Over the last 7 weeks I have devoted my weekly column to keeping you informed about the latest Coronavirus news, from outlining the support being made available to praising our public services. That has been not only important, but necessary. This week, however, I wanted to provide an update on the status of our negotiations with the EU on securing an agreement on our future relationship. The first vote I took in the House of Commons was for the UK to leave the EU. And in 8 months’ time the transitional period we secured, to give time for those negotiations to complete, will be over.
As many of you will know, I was elected by my colleagues in Parliament to sit on the Future Relationship with the EU Committee. My role as a member of that Committee is to scrutinise the progress Government is making in agreeing a trade deal that works for us and, importantly, which delivers on the election promise I made to you.
This week we met virtually in public for the first time to put questions to Michael Gove to discuss the first two rounds of talks. The first topic of conversation inevitably turned to talk of an extension, with anyone who has followed this aware that there has been a growing noise for an extension to the transition period on the basis that the talks have had to take place over video conference, rather than in person. I am pleased that this has not only been completely ruled out by the Government, but the law changed so that it cannot happen. Businesses up and down the country are adapting and it is right that our negotiators do the same. The Coronavirus pandemic only goes to show why it is important we conclude negotiations as quickly as possible. As Michael Gove said during the Committee meeting, if we were to extend, it would involve us paying more money into the EU at a time when that money could be spent on our NHS.
I also used the meeting to question the difference between the UK and EU negotiating positions and whether the EU were now negotiation on terms acceptable to us.

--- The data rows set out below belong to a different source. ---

(* Let $m\ge3$, $C$ a set of $m$ candidates, $T$ the set of all $m!$ strict rankings of $C$, $w=(w_1,\dots,w_m)$ with $1=w_1\ge\cdots\ge w_m=0$, $\bar w=(w_1+\cdots+w_m)/m$, and $\sigma_t(\alpha)=w_i$ where $i$ is the position of $\alpha$ in $t\in T$. Let $(N_t)_{t\in T}$ be nonnegative integers with $\sum_tN_t=n$ and $|\alpha|=\sum_tN_t\sigma_t(\alpha)$. Suppose $|a|>|\alpha|$ for all $\alpha\ne a$, and $b\ne a$ satisfies $|b|\ge|\alpha|$ for all $\alpha\ne a$. Let $T_b$ be the set of types ranking $b$ first, $T_i$ ($1\le i\le m-1$) the set of types ranking $b$ in position $i$ and $a$ in position $i+1$, and $T_{ba}=\bigcup_iT_i$. Then the linear program $$\min\sum_{t\in T_{ba}}x_t\ \text{ s.t. }\ \sum_{t\in T_b}y_t(1-\sigma_t(\alpha))-\sum_{t\in T_{ba}}x_t(\sigma_t(b)-\sigma_t(\alpha))\ge|\alpha|-|b|\ \forall\alpha\ne b,\quad \sum_{t\in T_b}y_t=\sum_{t\in T_{ba}}x_t,\quad x_t\ge0,\ y_t\ge0$$ has the same optimal value (with the value $+\infty$ for an infeasible program) as the linear program $$\min\sum_{i=1}^{m-1}z_i\ \text{ s.t. }\ \sum_{i=1}^{m-1}(1-w_i+w_{i+1})z_i\ge|a|-|b|,\quad \sum_{i=1}^{m-1}(1-w_i)z_i\ge n\bar w-|b|,\quad z_i\ge0\ (i=1,\dots,m-1).$$ *)

theory Defs
  imports "HOL-Analysis.Analysis" "HOL-Combinatorics.Multiset_Permutations"
begin

text \<open>A strict ranking (type) of the candidate set C is a list enumerating C without
  repetition; the candidate at list index 0 is ranked first (position 1).\<close>

definition rankings :: "'c set \<Rightarrow> 'c list set" where
  "rankings C = permutations_of_set C"

definition pos :: "'c list \<Rightarrow> 'c \<Rightarrow> nat" where
  "pos t alpha = Suc (LEAST i. i < length t \<and> t ! i = alpha)"

definition sigma :: "(nat \<Rightarrow> real) \<Rightarrow> 'c list \<Rightarrow> 'c \<Rightarrow> real" where
  "sigma w t alpha = w (pos t alpha)"

definition score :: "'c set \<Rightarrow> (nat \<Rightarrow> real) \<Rightarrow> ('c list \<Rightarrow> nat) \<Rightarrow> 'c \<Rightarrow> real" where
  "score C w N alpha = (\<Sum>t\<in>rankings C. real (N t) * sigma w t alpha)"

definition T_first :: "'c set \<Rightarrow> 'c \<Rightarrow> 'c list set" where
  "T_first C b = {t \<in> rankings C. pos t b = 1}"

definition T_pair :: "'c set \<Rightarrow> 'c \<Rightarrow> 'c \<Rightarrow> nat \<Rightarrow> 'c list set" where
  "T_pair C b a i = {t \<in> rankings C. pos t b = i \<and> pos t a = i + 1}"

definition T_ba :: "'c set \<Rightarrow> 'c \<Rightarrow> 'c \<Rightarrow> 'c list set" where
  "T_ba C b a = (\<Union>i\<in>{1..card C - 1}. T_pair C b a i)"

text \<open>Optimal value (in the extended reals, +infinity if infeasible) of the first LP.\<close>
definition LP1_value :: "'c set \<Rightarrow> (nat \<Rightarrow> real) \<Rightarrow> ('c list \<Rightarrow> nat) \<Rightarrow> 'c \<Rightarrow> 'c \<Rightarrow> ereal" where
  "LP1_value C w N a b = Inf { ereal (\<Sum>t\<in>T_ba C b a. x t) | x y.
      (\<forall>alpha\<in>C. alpha \<noteq> b \<longrightarrow>
         (\<Sum>t\<in>T_first C b. y t * (1 - sigma w t alpha))
         - (\<Sum>t\<in>T_ba C b a. x t * (sigma w t b - sigma w t alpha))
         \<ge> score C w N alpha - score C w N b) \<and>
      (\<Sum>t\<in>T_first C b. y t) = (\<Sum>t\<in>T_ba C b a. x t) \<and>
      (\<forall>t\<in>T_ba C b a. x t \<ge> 0) \<and> (\<forall>t\<in>T_first C b. y t \<ge> 0) }"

This is not about point scoring but asking that we get treated as equals. Unfortunately, that still does not seem to be the case on all areas and for progress to be made, this most fundamental point must be accepted. On areas from fishing rights to state aid, the EU continues to ask of the UK something it has not asked of any other trading partner.
Brexit has always, in my view, provided this country with unique opportunities around the globe but to do that we must ensure the EU deal does not bind our hands as we negotiate with others. The good news is that, despite some of the public rhetoric, work is moving forwards and the UK has shared with the EU a full draft free trade agreement which is being discussed. With good will on both sides, a deal is there to be done.